» EXERCISE OBJECTIVE
Could you count the lines below that include the word "lemma" and give only the number?

» DATA SUPPLIED

definition prec_ord :: "(nat \<Rightarrow> real) \<Rightarrow> nat \<Rightarrow> nat \<Rightarrow> bool" where
  "prec_ord x i j \<longleftrightarrow> x i < x j \<or> (x i = x j \<and> i < j)"

definition sort_perm :: "nat \<Rightarrow> (nat \<Rightarrow> real) \<Rightarrow> nat \<Rightarrow> nat" where
  "sort_perm n x = (THE \<pi>. \<pi> permutes {1..n} \<and>
      (\<forall>i j. 1 \<le> i \<and> i < j \<and> j \<le> n \<longrightarrow> prec_ord x (\<pi> i) (\<pi> j)))"

definition greedy_k :: "nat \<Rightarrow> real \<Rightarrow> (nat \<Rightarrow> real) \<Rightarrow> nat" where
  "greedy_k n s x = (GREATEST k. k \<le> n \<and> (\<Sum>i=1..k. x (sort_perm n x i)) \<le> s)"

definition greedy_set :: "nat \<Rightarrow> real \<Rightarrow> (nat \<Rightarrow> real) \<Rightarrow> nat set" where
  "greedy_set n s x = sort_perm n x ` {1..greedy_k n s x}"

end

theory Submission
  imports Defs
begin

text \<open>With N = card A(n,s) and S = S_A(n,s), pointwise
  N - S/t = \<Sum>k\<in>A(n,s). (1 - X k / t) \<le> \<Sum>k=1..n. max 0 (1 - X k / t),
  and for X k > 0 the expectation of max 0 (1 - X k / t) is F k t - I k / t, where
  I k is the integral of x dF k over [0, t].
  Summing over k and using the equation defining t gives E N - E S / t \<le> \<Sum>k F k t - s / t.
  Only A(n,s) \<subseteq> {1..n}, S \<le> s and the measurability of A(n,s) enter.\<close>

definition prec_sorted :: "nat \<Rightarrow> (nat \<Rightarrow> real) \<Rightarrow> (nat \<Rightarrow> nat) \<Rightarrow> bool" where
  "prec_sorted n x \<pi> \<longleftrightarrow> (\<forall>i j. 1 \<le> i \<and> i < j \<and> j \<le> n \<longrightarrow> prec_ord x (\<pi> i) (\<pi> j))"

lemma prec_ord_irrefl: "\<not> prec_ord x i i"
  by (auto simp: prec_ord_def)

lemma prec_ord_trans: "prec_ord x i j \<Longrightarrow> prec_ord x j k \<Longrightarrow> prec_ord x i k"
  by (auto simp: prec_ord_def)

lemma prec_ord_total: "i \<noteq> j \<Longrightarrow> prec_ord x i j \<or> prec_ord x j i"
  by (auto simp: prec_ord_def)

definition prec_rank :: "nat \<Rightarrow> (nat \<Rightarrow> real) \<Rightarrow> nat \<Rightarrow> nat" where
  "prec_rank n x i = Suc (card {j \<in> {1..n}. prec_ord x j i})"

lemma prec_rank_less:
  assumes "prec_ord x a b" "a \<in> {1..n}"
  shows "prec_rank n x a < prec_rank n x b"
proof -
  have "{j \<in> {1..n}. prec_ord x j a} \<subset> {j \<in> {1..n}. prec_ord x j b}"
    using assms prec_ord_trans[OF _ assms(1)] prec_ord_irrefl[of x a] by blast
  then show ?thesis
    unfolding prec_rank_def by (simp add: psubset_card_mono)
qed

» THE COMPLETED TASK
4